MATERIALS PROVIDED Block Start

lemma continuous_pos_eigvecs_proportional:
  fixes K :: "(real^'n::finite) set"
  assumes fin: "finite B" and "B \<noteq> {}" and "compact K" and K: "\<forall>\<beta>\<in>B. \<theta> \<beta> ` K \<subseteq> K"
    and bpos: "\<forall>\<beta>\<in>B. \<forall>x\<in>K. b \<beta> x > 0"
    and N: "is_norm N" and \<kappa>: "\<kappa> < 1"
    and contr: "\<forall>\<omega>\<in>words B \<mu>. \<forall>x\<in>K. \<forall>y\<in>K.
      N (theta_word \<theta> \<omega> x - theta_word \<theta> \<omega> y) \<le> \<kappa> * N (x - y)"
    and vc: "continuous_on K v" and vpos: "\<forall>x\<in>K. v x > 0"
    and veig: "\<forall>x\<in>K. Lam B b \<theta> v x = lam * v x"
    and wc: "continuous_on K w" and wpos: "\<forall>x\<in>K. w x > 0"
    and weig: "\<forall>x\<in>K. Lam B b \<theta> w x = lam * w x"
  shows "\<exists>c>0. \<forall>x\<in>K. w x = c * v x"
proof (cases "K = {}")
  case False
  have "continuous_on K (\<lambda>x. w x / v x)"
    using vpos by (intro continuous_intros wc vc) auto
  then obtain z where "z \<in> K" and z: "\<forall>y\<in>K. w y / v y \<le> w z / v z"
    using continuous_attains_sup[OF \<open>compact K\<close> False] by blast
  define c where "c = w z / v z"
  define u where "u = (\<lambda>x. c * v x - w x)"
  have "\<forall>x\<in>K. u x = 0"
  proof (rule nonneg_eigvec_zero_at_point[OF fin \<open>B \<noteq> {}\<close> \<open>compact K\<close> K bpos N \<kappa> contr vc vpos veig])
    show "continuous_on K u"
      unfolding u_def by (intro continuous_intros vc wc)
    show "\<forall>x\<in>K. u x \<ge> 0"
      using z vpos unfolding u_def c_def by (simp add: divide_le_eq)
    show "\<forall>x\<in>K. Lam B b \<theta> u x = lam * u x"
    proof
      fix x assume "x \<in> K"
      have "Lam B b \<theta> u x = c * Lam B b \<theta> v x - Lam B b \<theta> w x"
        by (simp add: Lam_finite[OF fin] u_def sum_subtractf sum_distrib_left right_diff_distrib
            mult.left_commute)
      then show "Lam B b \<theta> u x = lam * u x"
        using veig weig \<open>x \<in> K\<close> by (simp add: u_def algebra_simps)
    qed
    have "v z \<noteq> 0"
      using vpos \<open>z \<in> K\<close> by force
    then show "u z = 0"
      unfolding u_def c_def by simp
  qed (fact \<open>z \<in> K\<close>)
  moreover have "c > 0"
    unfolding c_def using wpos vpos \<open>z \<in> K\<close> by simp
  ultimately show ?thesis
    unfolding u_def by force
qed (rule exI[of _ 1]; simp)

section \<open>Setting (A)\<close>

lemma continuous_on_Cm: "f \<in> Cm m H \<Longrightarrow> continuous_on (closure H) f"
  unfolding Cm_def by blast

lemma continuous_on_Cm_components:
  fixes f :: "real^'n::finite \<Rightarrow> real^'m::finite"
  assumes "\<forall>i. (\<lambda>x. f x $ i) \<in> Cm m H"
  shows "continuous_on (closure H) f"
proof -
  have "continuous_on (closure H) (\<lambda>x. \<chi> i. f x $ i)"
    using assms by (intro continuous_on_vec_lambda continuous_on_Cm) blast
  then show ?thesis by simp
qed

lemma pd_const: "\<exists>c'. pd is (\<lambda>_. c) = (\<lambda>_. c')"
proof (induction "is")
  case (Cons i "is")
  then obtain c' where "pd is (\<lambda>_. c) = (\<lambda>_. c')" by blast
  then have "pd (i # is) (\<lambda>_. c) = (\<lambda>_. 0)"
    using frechet_derivative_at[OF has_derivative_const] by simp
  then show ?case by blast
qed auto

lemma const_in_Cm: "(\<lambda>_. c) \<in> Cm m H"
proof -
  have "pd is (\<lambda>_. c) differentiable at x \<and>
      (\<exists>F. continuous_on (closure H) F \<and> (\<forall>x\<in>H. F x = pd is (\<lambda>_. c) x))" for "is" x
  proof -
    obtain c' where "pd is (\<lambda>_. c) = (\<lambda>_. c')"
      using pd_const by blast
    then show ?thesis
      by (auto intro!: exI[of _ "\<lambda>_. c'"])
  qed
  then show ?thesis
    unfolding Cm_def by auto
qed

lemma unique_pos_eigvec_Cm_empty_const:
  assumes "unique_pos_eigvec H (Cm m H) {} b \<theta> v"
  obtains c where "\<forall>x\<in>closure H. v x = c"
proof -
  have "pos_eigvec H (Cm m H) {} b \<theta> (\<lambda>_. 1)"
    unfolding pos_eigvec_def using const_in_Cm by (auto simp: Lam_def)
  then obtain c where "c > 0" "\<forall>x\<in>closure H. 1 = c * v x"
    using assms unfolding unique_pos_eigvec_def by blast
  then have "\<forall>x\<in>closure H. v x = 1 / c"
    by (simp add: field_simps)
  then show ?thesis using that by blast
qed

lemma settingA_pos_eigvecs_proportional:
  assumes A: "settingA m H B b \<theta>" and "B \<noteq> {}"
    and vc: "continuous_on (closure H) v" and vpos: "\<forall>x\<in>closure H. v x > 0"
    and veig: "\<forall>x\<in>closure H. Lam B b \<theta> v x = lam * v x"
    and wc: "continuous_on (closure H) w" and wpos: "\<forall>x\<in>closure H. w x > 0"
    and weig: "\<forall>x\<in>closure H. Lam B b \<theta> w x = lam * w x"
  shows "\<exists>c>0. \<forall>x\<in>closure H. w x = c * v x"
proof -
  obtain N \<mu> \<kappa> where "bounded H" and fin: "finite B"
    and B_props: "\<forall>\<beta>\<in>B. b \<beta> \<in> Cm m H \<and> (\<forall>x\<in>closure H. b \<beta> x > 0) \<and> \<theta> \<beta> ` H \<subseteq> H \<and>
      (\<forall>i. (\<lambda>x. \<theta> \<beta> x $ i) \<in> Cm m H)"
    and N: "is_norm N" and \<kappa>: "\<kappa> < 1"
    and contr: "\<forall>\<omega>\<in>words B \<mu>. \<forall>x\<in>H. \<forall>y\<in>H.
      N (theta_word \<theta> \<omega> x - theta_word \<theta> \<omega> y) \<le> \<kappa> * N (x - y)"
    using A unfolding settingA_def by (elim conjE exE) (rule that; assumption)
  have "compact (closure H)"
    using \<open>bounded H\<close> by (simp add: compact_closure)
  have bpos: "\<forall>\<beta>\<in>B. \<forall>x\<in>closure H. b \<beta> x > 0"
    using B_props by blast
  have \<theta>c: "\<forall>\<beta>\<in>B. continuous_on (closure H) (\<theta> \<beta>)"
    using B_props by (blast intro: continuous_on_Cm_components)
  have K: "\<forall>\<beta>\<in>B. \<theta> \<beta> ` closure H \<subseteq> closure H"
  proof
    fix \<beta> assume "\<beta> \<in> B"
    then have "\<theta> \<beta> ` H \<subseteq> closure H"
      using B_props closure_subset by blast
    then show "\<theta> \<beta> ` closure H \<subseteq> closure H"
      using image_closure_subset[OF _ closed_closure] \<theta>c \<open>\<beta> \<in> B\<close> by blast
  qed
  have contr_closure: "\<forall>\<omega>\<in>words B \<mu>. \<forall>x\<in>closure H. \<forall>y\<in>closure H.
      N (theta_word \<theta> \<omega> x - theta_word \<theta> \<omega> y) \<le> \<kappa> * N (x - y)"
  proof (intro ballI)
    fix \<omega> x y assume \<omega>: "\<omega> \<in> words B \<mu>" and "x \<in> closure H" "y \<in> closure H"
    have "continuous_on (closure H) (theta_word \<theta> \<omega>)"
      using continuous_on_theta_word[OF \<theta>c K] \<omega> unfolding words_def by blast
    then show "N (theta_word \<theta> \<omega> x - theta_word \<theta> \<omega> y) \<le> \<kappa> * N (x - y)"
      using contr \<omega> \<open>x \<in> closure H\<close> \<open>y \<in> closure H\<close> by (blast intro: is_norm_lipschitz_closure[OF N])
  qed
  show ?thesis
    by (rule continuous_pos_eigvecs_proportional[OF fin \<open>B \<noteq> {}\<close> \<open>compact (closure H)\<close> K bpos N \<kappa>
          contr_closure vc vpos veig wc wpos weig])
qed
lemma decomposition_objects_between:
  assumes d: "d \<in> D C n f" and i: "i \<le> n"
  shows "ob d i \<in> {z \<in> Ob C. hom C (dom C f) z \<noteq> {} \<and> hom C z (cod C f) \<noteq> {}}"
proof -
  have cd: "composable C d" and ld: "length d = n" using D_composable[OF d] by auto
  have dne: "d \<noteq> []" using cd unfolding composable_def by auto
  obtain \<alpha> \<beta> where A: "\<alpha> \<in> hom C (ob d 0) (dom C f)" "iso C \<alpha>"
    and B: "\<beta> \<in> hom C (ob d n) (cod C f)"
    using d ob_hd[OF dne] ob_last[OF dne] ld unfolding D_def by auto
  obtain g where g: "g \<in> hom C (ob d 0) (ob d i)" using chain_reach[OF cd, of 0 i] i ld by auto
  obtain h where h: "h \<in> hom C (ob d i) (ob d n)" using chain_reach[OF cd, of i n] i ld by auto
  show ?thesis
    using ob_Ob[OF cd, of i] i ld comp_hom[OF inv_arr(1)[OF A(2,1)] g] comp_hom[OF h B] by auto
qed

text \<open>In an isocyclic category the objects of a chain without isomorphisms are pairwise
  non-isomorphic: an isomorphism x_j \<cong> x_i with i < j closes a cycle through f_(i+1).\<close>
lemma proper_chain_objects_non_iso:
  assumes ic: "isocyclic C" and cd: "composable C d" and ni: "\<forall>g \<in> set d. \<not> iso C g"
    and ij: "i < j" "j \<le> length d"
  shows "\<not> obj_iso C (ob d i) (ob d j)"
proof
  assume "obj_iso C (ob d i) (ob d j)"
  then obtain u where u: "u \<in> hom C (ob d j) (ob d i)" using obj_iso_sym unfolding obj_iso_def by blast
  obtain v where v: "v \<in> hom C (ob d (Suc i)) (ob d j)" using chain_reach[OF cd, of "Suc i" j] ij by auto
  have di: "d!i \<in> hom C (ob d i) (ob d (Suc i))" using composable_nth_hom[OF cd] ij by simp
  have "ob d i \<in> Ob C" "ob d (Suc i) \<in> Ob C" using ob_Ob[OF cd] ij by auto
  then have "iso C (d!i)"
    using ic[unfolded isocyclic_def, rule_format, OF _ _ di comp_hom[OF v u]] by blast
  then show False using ni ij by auto
qed

lemma proper_chain_length_bound:
  assumes ic: "isocyclic C" and cd: "composable C d" and ni: "\<forall>g \<in> set d. \<not> iso C g"
    and finReps: "finite Reps"
    and rep: "\<And>i. i \<le> length d \<Longrightarrow> rep (ob d i) \<in> Reps \<and> obj_iso C (ob d i) (rep (ob d i))"
  shows "length d + 1 \<le> card Reps"
proof -
  have "rep (ob d i) \<noteq> rep (ob d j)" if ij: "i < j" "j \<le> length d" for i j
  proof
    assume eq: "rep (ob d i) = rep (ob d j)"
    have "obj_iso C (ob d i) (rep (ob d i))" "obj_iso C (ob d j) (rep (ob d j))"
      using rep[of i] rep[of j] ij by auto
    then have "obj_iso C (ob d i) (ob d j)" using eq obj_iso_sym obj_iso_trans by metis
    then show False using proper_chain_objects_non_iso[OF ic cd ni ij] by blast
  qed
  then have "inj_on (\<lambda>i. rep (ob d i)) {0..length d}"
    by (intro inj_onI) (metis atLeastAtMost_iff linorder_neqE_nat)
  moreover have "(\<lambda>i. rep (ob d i)) ` {0..length d} \<subseteq> Reps" using rep by auto
  ultimately have "card {0..length d} \<le> card Reps" using card_inj_on_le finReps by blast
  then show ?thesis by simp
qed

lemma finite_PD_classes:
  assumes ic: "isocyclic C" and lf: "ess_locally_finite C" and fA: "f \<in> Ar C"
  shows "finite (PD C f // PD_rel C f)"
proof -
  define M where "M = {z \<in> Ob C. hom C (dom C f) z \<noteq> {} \<and> hom C z (cod C f) \<noteq> {}}"
  have "finite (M // obj_iso_rel C)"
    using lf dom_ob[OF fA] cod_ob[OF fA] unfolding ess_locally_finite_def M_def obj_iso_rel_def
    by blast
  then obtain Reps rep where finReps: "finite Reps" and RepsOb: "Reps \<subseteq> Ob C"
    and rep: "\<And>z. z \<in> M \<Longrightarrow> rep z \<in> Reps \<and> obj_iso C z (rep z)"
    using finite_representatives[of M] unfolding M_def by blast
  define H where "H = (\<Union>a \<in> Reps. \<Union>b \<in> Reps. hom C a b)"
  have "finite H" unfolding H_def
    using finReps RepsOb lf unfolding ess_locally_finite_def by blast
  then have finS: "finite {s. set s \<subseteq> H \<and> length s \<le> card Reps + 1}"
    using finite_lists_length_le by blast
  have "\<exists>s \<in> {s. set s \<subseteq> H \<and> length s \<le> card Reps + 1}. (d, s) \<in> PD_rel C f"
    if dP: "d \<in> PD C f" for d
  proof -
    obtain n where n1: "n \<ge> 1" and dn: "d \<in> PD_n C n f" using dP PD_iff by blast
    have dD: "d \<in> D C n f" using PD_D[OF dn] .
    have cd: "composable C d" and ld: "length d = n" using D_composable[OF dD] by auto
    have repd: "rep (ob d i) \<in> Reps \<and> obj_iso C (ob d i) (rep (ob d i))" if "i \<le> length d" for i
      using rep decomposition_objects_between[OF dD] that ld unfolding M_def by blast
    define \<psi> where "\<psi> i = (SOME g. g \<in> hom C (ob d i) (rep (ob d i)) \<and> iso C g)" for i
    have \<psi>: "\<forall>i \<le> length d. \<psi> i \<in> hom C (ob d i) (rep (ob d i)) \<and> iso C (\<psi> i)"
      unfolding \<psi>_def using repd unfolding obj_iso_def by (metis (no_types, lifting) someI_ex)
    define s where "s = map (\<lambda>i. comp C (\<psi> (Suc i)) (comp C (d!i) (inv_arr (\<psi> i)))) [0..<length d]"
    note cj = conjugate[OF cd \<psi>, folded s_def]
    have "s \<in> PD C f" using PD_n_transport[OF dn cj(1,2) fA] n1 PD_iff by blast
    moreover have "set s \<subseteq> H"
      using cj(3,4) repd unfolding H_def by (auto simp: in_set_conv_nth) (metis Suc_leI less_imp_le_nat)
    moreover have "length s \<le> card Reps + 1"
    proof (cases "n = 1")
      case False
      then have "\<forall>g \<in> set d. \<not> iso C g" using dn unfolding PD_n_def by auto
      then show ?thesis using proper_chain_length_bound[OF ic cd _ finReps repd] cj(4) by simp
    qed (use cj(4) ld in simp)
    ultimately show ?thesis using dP cj(2) unfolding PD_rel_def by blast
  qed
  then have "\<forall>d \<in> PD C f. \<exists>s \<in> {s. set s \<subseteq> H \<and> length s \<le> card Reps + 1}. (d, s) \<in> PD_rel C f"
    by blast
  then show ?thesis by (rule finite_quotient_by_representatives[OF equiv_PD_rel finS])
qed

MATERIALS PROVIDED Block End

TASK INSTRUCTIONS: Copy, without any change, the run of lines from the one with "define H where" through the end of the entries above.

SOLUTION TO THE PROBLEM:
  define H where "H = (\<Union>a \<in> Reps. \<Union>b \<in> Reps. hom C a b)"
  have "finite H" unfolding H_def
    using finReps RepsOb lf unfolding ess_locally_finite_def by blast
  then have finS: "finite {s. set s \<subseteq> H \<and> length s \<le> card Reps + 1}"
    using finite_lists_length_le by blast
  have "\<exists>s \<in> {s. set s \<subseteq> H \<and> length s \<le> card Reps + 1}. (d, s) \<in> PD_rel C f"
    if dP: "d \<in> PD C f" for d
  proof -
    obtain n where n1: "n \<ge> 1" and dn: "d \<in> PD_n C n f" using dP PD_iff by blast
    have dD: "d \<in> D C n f" using PD_D[OF dn] .
    have cd: "composable C d" and ld: "length d = n" using D_composable[OF dD] by auto
    have repd: "rep (ob d i) \<in> Reps \<and> obj_iso C (ob d i) (rep (ob d i))" if "i \<le> length d" for i
      using rep decomposition_objects_between[OF dD] that ld unfolding M_def by blast
    define \<psi> where "\<psi> i = (SOME g. g \<in> hom C (ob d i) (rep (ob d i)) \<and> iso C g)" for i
    have \<psi>: "\<forall>i \<le> length d. \<psi> i \<in> hom C (ob d i) (rep (ob d i)) \<and> iso C (\<psi> i)"
      unfolding \<psi>_def using repd unfolding obj_iso_def by (metis (no_types, lifting) someI_ex)
    define s where "s = map (\<lambda>i. comp C (\<psi> (Suc i)) (comp C (d!i) (inv_arr (\<psi> i)))) [0..<length d]"
    note cj = conjugate[OF cd \<psi>, folded s_def]
    have "s \<in> PD C f" using PD_n_transport[OF dn cj(1,2) fA] n1 PD_iff by blast
    moreover have "set s \<subseteq> H"
      using cj(3,4) repd unfolding H_def by (auto simp: in_set_conv_nth) (metis Suc_leI less_imp_le_nat)
    moreover have "length s \<le> card Reps + 1"
    proof (cases "n = 1")
      case False
      then have "\<forall>g \<in> set d. \<not> iso C g" using dn unfolding PD_n_def by auto
      then show ?thesis using proper_chain_length_bound[OF ic cd _ finReps repd] cj(4) by simp
    qed (use cj(4) ld in simp)
    ultimately show ?thesis using dP cj(2) unfolding PD_rel_def by blast
  qed
  then have "\<forall>d \<in> PD C f. \<exists>s \<in> {s. set s \<subseteq> H \<and> length s \<le> card Reps + 1}. (d, s) \<in> PD_rel C f"
    by blast
  then show ?thesis by (rule finite_quotient_by_representatives[OF equiv_PD_rel finS])
qed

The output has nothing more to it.